* [To do] Check each line below for "shows" and report how many have it, nothing else.
Segment Start: Given entries
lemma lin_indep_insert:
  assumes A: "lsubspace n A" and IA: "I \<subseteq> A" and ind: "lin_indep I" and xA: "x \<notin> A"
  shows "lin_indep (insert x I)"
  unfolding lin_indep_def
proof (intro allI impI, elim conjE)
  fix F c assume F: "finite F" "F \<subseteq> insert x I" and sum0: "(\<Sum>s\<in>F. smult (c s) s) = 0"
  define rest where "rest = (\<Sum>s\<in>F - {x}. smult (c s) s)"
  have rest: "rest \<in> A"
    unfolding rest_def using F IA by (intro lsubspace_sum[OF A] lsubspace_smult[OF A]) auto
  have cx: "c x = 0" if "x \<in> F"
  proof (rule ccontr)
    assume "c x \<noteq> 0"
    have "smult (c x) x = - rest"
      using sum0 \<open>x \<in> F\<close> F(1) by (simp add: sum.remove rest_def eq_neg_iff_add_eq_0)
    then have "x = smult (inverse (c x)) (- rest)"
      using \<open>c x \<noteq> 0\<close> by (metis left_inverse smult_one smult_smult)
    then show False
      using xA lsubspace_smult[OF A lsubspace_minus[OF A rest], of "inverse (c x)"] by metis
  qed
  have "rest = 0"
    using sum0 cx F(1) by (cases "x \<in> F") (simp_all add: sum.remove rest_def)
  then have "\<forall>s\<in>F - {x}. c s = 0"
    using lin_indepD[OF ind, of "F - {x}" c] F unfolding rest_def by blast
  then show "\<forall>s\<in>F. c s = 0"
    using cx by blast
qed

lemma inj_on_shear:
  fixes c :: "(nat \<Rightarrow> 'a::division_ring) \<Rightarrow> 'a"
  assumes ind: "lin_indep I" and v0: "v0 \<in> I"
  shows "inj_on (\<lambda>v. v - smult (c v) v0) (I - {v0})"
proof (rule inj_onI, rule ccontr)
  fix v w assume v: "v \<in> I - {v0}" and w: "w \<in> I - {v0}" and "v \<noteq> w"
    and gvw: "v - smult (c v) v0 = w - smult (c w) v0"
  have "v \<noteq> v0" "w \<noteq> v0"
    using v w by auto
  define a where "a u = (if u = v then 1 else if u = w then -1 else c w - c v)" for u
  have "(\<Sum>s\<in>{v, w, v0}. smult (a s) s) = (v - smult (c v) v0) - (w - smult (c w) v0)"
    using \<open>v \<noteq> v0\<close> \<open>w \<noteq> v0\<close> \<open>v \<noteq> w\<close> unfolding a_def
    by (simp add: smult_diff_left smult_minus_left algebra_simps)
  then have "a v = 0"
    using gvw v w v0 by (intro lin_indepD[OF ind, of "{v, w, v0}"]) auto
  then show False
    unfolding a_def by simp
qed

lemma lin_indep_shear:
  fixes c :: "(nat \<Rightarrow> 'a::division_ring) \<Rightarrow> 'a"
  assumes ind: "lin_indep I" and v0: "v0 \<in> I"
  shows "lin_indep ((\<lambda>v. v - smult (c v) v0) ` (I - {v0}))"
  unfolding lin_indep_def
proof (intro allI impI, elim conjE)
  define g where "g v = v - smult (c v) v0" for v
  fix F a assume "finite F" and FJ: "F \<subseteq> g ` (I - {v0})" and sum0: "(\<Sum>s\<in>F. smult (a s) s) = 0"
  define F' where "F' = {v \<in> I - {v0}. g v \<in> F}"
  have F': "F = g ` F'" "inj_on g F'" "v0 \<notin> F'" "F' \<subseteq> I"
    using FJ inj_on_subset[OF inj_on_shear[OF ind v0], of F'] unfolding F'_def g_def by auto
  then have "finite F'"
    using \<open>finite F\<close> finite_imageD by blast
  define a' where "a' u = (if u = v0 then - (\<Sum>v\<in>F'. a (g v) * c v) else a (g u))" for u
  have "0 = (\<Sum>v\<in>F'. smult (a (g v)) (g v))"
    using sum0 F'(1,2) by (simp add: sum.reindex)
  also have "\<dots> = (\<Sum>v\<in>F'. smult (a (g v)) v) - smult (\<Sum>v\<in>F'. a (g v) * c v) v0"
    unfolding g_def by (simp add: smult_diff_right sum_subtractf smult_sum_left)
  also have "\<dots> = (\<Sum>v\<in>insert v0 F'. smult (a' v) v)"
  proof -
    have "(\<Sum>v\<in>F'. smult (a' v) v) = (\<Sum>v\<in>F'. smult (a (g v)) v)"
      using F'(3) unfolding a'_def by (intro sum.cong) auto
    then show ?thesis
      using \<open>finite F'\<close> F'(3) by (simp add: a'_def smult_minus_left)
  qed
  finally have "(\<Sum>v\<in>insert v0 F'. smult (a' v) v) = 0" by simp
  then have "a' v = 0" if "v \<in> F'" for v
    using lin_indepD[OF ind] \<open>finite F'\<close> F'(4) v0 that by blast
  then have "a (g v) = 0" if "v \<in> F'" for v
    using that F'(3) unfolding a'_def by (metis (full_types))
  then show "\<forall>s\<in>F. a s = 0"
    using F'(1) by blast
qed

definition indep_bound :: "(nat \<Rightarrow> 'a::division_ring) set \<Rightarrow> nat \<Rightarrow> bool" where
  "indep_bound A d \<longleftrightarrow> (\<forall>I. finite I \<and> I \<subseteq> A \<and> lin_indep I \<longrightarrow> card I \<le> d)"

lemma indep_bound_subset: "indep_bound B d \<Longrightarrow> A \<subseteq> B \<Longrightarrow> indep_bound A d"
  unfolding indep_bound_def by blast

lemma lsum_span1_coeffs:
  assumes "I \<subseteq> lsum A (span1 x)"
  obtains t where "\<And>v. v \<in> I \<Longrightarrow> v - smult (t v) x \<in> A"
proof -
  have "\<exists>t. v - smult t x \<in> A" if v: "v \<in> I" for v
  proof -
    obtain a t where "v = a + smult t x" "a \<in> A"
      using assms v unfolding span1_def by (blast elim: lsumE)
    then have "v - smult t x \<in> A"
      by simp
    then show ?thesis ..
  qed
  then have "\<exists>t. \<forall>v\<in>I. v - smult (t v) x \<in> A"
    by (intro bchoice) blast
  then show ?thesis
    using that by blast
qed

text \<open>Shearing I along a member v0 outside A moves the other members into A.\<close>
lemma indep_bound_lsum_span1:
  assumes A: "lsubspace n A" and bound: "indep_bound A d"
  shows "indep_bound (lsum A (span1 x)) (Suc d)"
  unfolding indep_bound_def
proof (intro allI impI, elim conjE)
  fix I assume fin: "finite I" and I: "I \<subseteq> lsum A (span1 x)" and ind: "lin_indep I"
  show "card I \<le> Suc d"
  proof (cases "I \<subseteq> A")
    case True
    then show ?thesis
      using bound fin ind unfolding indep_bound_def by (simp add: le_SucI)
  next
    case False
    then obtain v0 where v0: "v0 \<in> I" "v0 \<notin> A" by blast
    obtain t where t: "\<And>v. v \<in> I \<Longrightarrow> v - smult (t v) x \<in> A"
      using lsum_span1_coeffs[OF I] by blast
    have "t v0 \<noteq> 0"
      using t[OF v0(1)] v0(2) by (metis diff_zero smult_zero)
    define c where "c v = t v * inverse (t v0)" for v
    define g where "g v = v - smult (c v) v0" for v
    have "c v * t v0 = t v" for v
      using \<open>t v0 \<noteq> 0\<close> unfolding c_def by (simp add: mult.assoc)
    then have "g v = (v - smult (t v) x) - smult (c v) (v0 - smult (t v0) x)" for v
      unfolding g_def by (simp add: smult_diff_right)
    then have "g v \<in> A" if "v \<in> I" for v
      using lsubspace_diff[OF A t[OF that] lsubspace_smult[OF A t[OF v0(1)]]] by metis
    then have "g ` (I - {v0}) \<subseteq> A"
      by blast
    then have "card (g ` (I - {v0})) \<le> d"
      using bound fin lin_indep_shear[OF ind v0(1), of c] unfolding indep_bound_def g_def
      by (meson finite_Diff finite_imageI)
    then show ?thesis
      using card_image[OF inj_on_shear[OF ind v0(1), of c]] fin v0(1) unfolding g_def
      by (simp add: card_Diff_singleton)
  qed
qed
Segment End: Given entries
Segment Start: Given entries
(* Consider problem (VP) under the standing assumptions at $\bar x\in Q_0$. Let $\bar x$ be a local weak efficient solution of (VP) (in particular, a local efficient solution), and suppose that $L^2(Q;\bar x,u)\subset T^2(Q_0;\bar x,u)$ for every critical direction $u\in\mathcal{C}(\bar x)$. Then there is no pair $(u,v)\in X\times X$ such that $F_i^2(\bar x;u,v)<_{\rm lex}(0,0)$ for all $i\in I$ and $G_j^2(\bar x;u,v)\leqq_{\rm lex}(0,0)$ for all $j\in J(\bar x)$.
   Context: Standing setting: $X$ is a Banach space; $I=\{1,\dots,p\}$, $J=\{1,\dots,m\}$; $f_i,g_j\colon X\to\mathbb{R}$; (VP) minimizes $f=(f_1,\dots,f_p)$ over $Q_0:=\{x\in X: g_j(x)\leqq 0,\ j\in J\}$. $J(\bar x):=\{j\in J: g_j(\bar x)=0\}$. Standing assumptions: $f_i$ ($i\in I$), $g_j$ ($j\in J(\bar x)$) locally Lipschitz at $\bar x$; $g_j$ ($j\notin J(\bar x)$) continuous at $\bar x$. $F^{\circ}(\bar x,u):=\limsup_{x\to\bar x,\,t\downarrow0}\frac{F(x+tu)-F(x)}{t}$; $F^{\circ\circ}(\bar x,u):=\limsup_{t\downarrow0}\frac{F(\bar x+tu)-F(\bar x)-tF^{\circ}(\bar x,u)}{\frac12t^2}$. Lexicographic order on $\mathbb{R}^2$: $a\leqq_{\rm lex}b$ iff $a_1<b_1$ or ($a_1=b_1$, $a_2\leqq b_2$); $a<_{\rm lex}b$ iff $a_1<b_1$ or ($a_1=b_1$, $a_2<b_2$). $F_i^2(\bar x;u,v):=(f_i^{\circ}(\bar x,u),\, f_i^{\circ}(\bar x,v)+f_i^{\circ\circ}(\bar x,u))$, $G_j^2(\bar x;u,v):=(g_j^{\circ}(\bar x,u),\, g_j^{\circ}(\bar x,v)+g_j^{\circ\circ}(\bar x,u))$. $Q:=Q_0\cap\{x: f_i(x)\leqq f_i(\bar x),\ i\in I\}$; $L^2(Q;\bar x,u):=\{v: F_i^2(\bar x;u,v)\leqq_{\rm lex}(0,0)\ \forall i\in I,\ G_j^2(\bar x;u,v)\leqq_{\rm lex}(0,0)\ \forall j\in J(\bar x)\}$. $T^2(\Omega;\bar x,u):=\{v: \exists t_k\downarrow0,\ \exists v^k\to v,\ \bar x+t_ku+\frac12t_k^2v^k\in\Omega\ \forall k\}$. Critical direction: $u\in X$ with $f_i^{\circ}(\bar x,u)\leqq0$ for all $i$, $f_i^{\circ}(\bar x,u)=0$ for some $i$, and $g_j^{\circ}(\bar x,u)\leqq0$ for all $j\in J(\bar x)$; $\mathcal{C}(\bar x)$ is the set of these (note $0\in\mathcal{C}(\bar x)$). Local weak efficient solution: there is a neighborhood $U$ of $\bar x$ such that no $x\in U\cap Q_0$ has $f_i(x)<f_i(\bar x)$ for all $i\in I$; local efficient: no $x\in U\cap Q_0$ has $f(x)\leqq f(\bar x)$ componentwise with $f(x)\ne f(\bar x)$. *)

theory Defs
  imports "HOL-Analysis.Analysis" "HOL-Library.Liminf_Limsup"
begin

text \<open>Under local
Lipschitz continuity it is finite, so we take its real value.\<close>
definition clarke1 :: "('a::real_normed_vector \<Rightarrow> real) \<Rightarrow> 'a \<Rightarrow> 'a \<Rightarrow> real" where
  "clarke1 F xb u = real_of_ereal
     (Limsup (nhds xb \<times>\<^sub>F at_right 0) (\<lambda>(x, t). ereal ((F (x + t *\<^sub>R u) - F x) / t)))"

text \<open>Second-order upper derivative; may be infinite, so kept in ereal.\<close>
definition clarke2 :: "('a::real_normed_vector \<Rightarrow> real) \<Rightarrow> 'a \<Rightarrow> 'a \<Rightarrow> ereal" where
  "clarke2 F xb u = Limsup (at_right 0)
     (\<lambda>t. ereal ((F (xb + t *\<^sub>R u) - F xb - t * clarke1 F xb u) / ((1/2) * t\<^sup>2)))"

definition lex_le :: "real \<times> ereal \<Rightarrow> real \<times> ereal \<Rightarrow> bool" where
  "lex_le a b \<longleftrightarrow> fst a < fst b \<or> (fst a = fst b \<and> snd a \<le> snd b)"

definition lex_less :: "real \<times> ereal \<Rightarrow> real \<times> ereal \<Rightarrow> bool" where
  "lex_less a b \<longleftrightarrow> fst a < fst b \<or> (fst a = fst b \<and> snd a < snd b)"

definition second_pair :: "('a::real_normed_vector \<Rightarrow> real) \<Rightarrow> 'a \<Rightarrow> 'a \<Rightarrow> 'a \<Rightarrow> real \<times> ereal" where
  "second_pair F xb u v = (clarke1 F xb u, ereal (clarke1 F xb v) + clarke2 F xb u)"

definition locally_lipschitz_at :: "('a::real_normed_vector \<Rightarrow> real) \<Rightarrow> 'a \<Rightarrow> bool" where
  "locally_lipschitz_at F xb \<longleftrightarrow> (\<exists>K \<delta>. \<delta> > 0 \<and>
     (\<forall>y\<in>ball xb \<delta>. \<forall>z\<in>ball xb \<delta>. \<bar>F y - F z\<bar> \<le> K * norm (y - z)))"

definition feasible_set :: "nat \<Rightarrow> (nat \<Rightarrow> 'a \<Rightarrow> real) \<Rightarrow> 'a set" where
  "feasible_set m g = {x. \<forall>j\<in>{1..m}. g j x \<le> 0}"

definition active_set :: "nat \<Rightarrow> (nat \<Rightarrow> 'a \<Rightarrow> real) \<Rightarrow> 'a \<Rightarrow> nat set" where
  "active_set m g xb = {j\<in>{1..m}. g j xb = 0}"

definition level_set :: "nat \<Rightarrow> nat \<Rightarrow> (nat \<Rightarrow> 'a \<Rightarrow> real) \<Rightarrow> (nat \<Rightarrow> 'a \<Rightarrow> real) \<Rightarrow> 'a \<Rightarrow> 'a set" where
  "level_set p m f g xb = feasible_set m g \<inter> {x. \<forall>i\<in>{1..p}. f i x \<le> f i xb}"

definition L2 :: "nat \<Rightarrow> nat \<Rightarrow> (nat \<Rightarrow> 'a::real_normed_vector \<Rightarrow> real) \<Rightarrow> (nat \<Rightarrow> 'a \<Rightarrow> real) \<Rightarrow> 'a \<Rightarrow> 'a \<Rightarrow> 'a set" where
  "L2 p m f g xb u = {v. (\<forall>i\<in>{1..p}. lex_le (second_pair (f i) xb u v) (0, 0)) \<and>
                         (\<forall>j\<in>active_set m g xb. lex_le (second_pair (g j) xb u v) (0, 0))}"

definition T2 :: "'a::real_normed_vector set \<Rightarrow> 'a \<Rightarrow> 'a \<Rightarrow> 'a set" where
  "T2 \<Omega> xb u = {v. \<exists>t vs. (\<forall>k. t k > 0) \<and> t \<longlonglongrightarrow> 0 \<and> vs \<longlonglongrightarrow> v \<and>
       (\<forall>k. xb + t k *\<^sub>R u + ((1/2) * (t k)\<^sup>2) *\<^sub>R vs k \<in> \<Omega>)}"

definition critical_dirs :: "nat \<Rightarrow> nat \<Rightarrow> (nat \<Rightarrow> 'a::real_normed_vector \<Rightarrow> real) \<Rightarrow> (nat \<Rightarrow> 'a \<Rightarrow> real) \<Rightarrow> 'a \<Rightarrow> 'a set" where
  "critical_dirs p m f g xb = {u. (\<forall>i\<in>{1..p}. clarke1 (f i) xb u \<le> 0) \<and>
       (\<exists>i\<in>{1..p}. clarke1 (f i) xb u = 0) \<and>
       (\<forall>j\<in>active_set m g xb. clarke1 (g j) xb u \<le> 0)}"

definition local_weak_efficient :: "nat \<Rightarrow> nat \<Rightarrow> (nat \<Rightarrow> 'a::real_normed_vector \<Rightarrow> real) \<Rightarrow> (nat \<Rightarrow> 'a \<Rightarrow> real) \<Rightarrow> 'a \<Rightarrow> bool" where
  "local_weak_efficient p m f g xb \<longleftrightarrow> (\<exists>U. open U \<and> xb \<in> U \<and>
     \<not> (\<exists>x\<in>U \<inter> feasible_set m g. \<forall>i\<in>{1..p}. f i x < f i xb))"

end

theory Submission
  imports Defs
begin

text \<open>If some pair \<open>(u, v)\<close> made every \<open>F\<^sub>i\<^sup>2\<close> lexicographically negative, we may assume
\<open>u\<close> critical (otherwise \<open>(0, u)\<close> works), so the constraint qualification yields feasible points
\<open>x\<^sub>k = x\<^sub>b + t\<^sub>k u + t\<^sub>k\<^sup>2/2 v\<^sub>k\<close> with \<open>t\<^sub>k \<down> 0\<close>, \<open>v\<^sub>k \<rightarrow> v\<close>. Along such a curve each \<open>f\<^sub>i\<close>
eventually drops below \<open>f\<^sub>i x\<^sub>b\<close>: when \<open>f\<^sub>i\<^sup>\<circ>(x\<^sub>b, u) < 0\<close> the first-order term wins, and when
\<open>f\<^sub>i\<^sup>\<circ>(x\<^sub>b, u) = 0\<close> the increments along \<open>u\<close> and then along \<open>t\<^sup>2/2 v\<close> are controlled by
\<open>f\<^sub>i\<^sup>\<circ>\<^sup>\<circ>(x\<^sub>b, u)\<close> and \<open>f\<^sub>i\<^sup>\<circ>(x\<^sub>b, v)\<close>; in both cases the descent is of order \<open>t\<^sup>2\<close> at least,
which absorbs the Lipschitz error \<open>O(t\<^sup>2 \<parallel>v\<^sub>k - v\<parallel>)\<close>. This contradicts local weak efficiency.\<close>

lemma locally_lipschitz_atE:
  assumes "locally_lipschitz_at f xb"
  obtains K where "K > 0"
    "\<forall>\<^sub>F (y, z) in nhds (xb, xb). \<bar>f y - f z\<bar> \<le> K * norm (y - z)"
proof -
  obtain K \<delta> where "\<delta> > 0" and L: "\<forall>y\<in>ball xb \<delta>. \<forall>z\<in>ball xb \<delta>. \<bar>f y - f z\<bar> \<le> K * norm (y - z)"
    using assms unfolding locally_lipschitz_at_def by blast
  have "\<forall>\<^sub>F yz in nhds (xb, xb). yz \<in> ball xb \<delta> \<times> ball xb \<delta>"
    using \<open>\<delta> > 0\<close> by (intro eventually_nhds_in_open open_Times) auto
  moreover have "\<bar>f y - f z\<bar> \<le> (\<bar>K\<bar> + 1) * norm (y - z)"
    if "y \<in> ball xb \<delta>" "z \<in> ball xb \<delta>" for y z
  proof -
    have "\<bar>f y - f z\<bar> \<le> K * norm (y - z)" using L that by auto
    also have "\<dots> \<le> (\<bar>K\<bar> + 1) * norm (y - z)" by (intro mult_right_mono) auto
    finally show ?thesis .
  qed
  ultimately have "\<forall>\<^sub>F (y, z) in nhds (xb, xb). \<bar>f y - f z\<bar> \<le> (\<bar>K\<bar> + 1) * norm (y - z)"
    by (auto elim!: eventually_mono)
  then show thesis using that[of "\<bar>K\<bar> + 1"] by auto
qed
Segment End: Given entries
* [Reply to the exercise] 4